• EXERCISE AIM: Read the records and gather each line that includes "auto".

====================

lemma face_grid_cell_meets_dense:
  fixes a b :: "'a::euclidean_space"
  assumes ab: "\<And>e. e \<in> Basis \<Longrightarrow> a \<bullet> e < b \<bullet> e" and e0: "e0 \<in> Basis" and \<delta>: "0 < \<delta>"
    and dense: "{x \<in> cbox a b. x \<bullet> e0 = a \<bullet> e0} \<subseteq> closure A"
    and P: "\<And>e. e \<in> Basis - {e0} \<Longrightarrow> P e \<in> {\<lfloor>a \<bullet> e / \<delta>\<rfloor> .. \<lceil>b \<bullet> e / \<delta>\<rceil> - 1}"
  obtains x where "x \<in> A" "\<And>e. e \<in> Basis - {e0} \<Longrightarrow> x \<bullet> e \<in> grid_ivl \<delta> (P e)"
proof -
  define lo hi where "lo e = max (of_int (P e) * \<delta>) (a \<bullet> e)" and "hi e = min ((of_int (P e) + 1) * \<delta>) (b \<bullet> e)"
    for e
  have lo_hi: "lo e < hi e" if "e \<in> Basis - {e0}" for e
    unfolding lo_def hi_def using grid_ivl_overlaps_ivl[OF \<delta> ab P] that by blast
  define U where "U = (\<Inter>e\<in>Basis - {e0}. {x. of_int (P e) * \<delta> < x \<bullet> e} \<inter> {x. x \<bullet> e < (of_int (P e) + 1) * \<delta>})"
  have "open U"
    unfolding U_def
    by (intro open_INT finite_Diff finite_Basis ballI open_Int open_halfspace_component_gt open_halfspace_component_lt)
  define y where "y = (\<Sum>e\<in>Basis. (if e = e0 then a \<bullet> e0 else (lo e + hi e) / 2) *\<^sub>R e)"
  have y_inner: "y \<bullet> e = (if e = e0 then a \<bullet> e0 else (lo e + hi e) / 2)" if "e \<in> Basis" for e
    unfolding y_def using that by (rule inner_sum_left_Basis)
  have bounds: "of_int (P e) * \<delta> \<le> lo e" "a \<bullet> e \<le> lo e" "hi e \<le> (of_int (P e) + 1) * \<delta>" "hi e \<le> b \<bullet> e"
    for e
    by (simp_all add: lo_def hi_def)
  have "a \<bullet> e \<le> y \<bullet> e \<and> y \<bullet> e \<le> b \<bullet> e" if "e \<in> Basis" for e
    using that lo_hi[of e] bounds[of e] ab[OF that] by (auto simp: y_inner)
  moreover have "of_int (P e) * \<delta> < y \<bullet> e \<and> y \<bullet> e < (of_int (P e) + 1) * \<delta>" if "e \<in> Basis - {e0}" for e
    using that lo_hi[OF that] bounds[of e] by (auto simp: y_inner)
  ultimately have "y \<in> {x \<in> cbox a b. x \<bullet> e0 = a \<bullet> e0} \<inter> U"
    using e0 by (auto simp: mem_box U_def y_inner)
  then have "U \<inter> A \<noteq> {}"
    using dense open_Int_closure_eq_empty[OF \<open>open U\<close>] by blast
  then obtain x where "x \<in> A" "x \<in> U"
    by blast
  then show ?thesis
    using that[of x] by (force simp: U_def grid_ivl_def)
qed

====================

• EXERCISE RESULT:
    using that lo_hi[of e] bounds[of e] ab[OF that] by (auto simp: y_inner)
    using that lo_hi[OF that] bounds[of e] by (auto simp: y_inner)
    using e0 by (auto simp: mem_box U_def y_inner)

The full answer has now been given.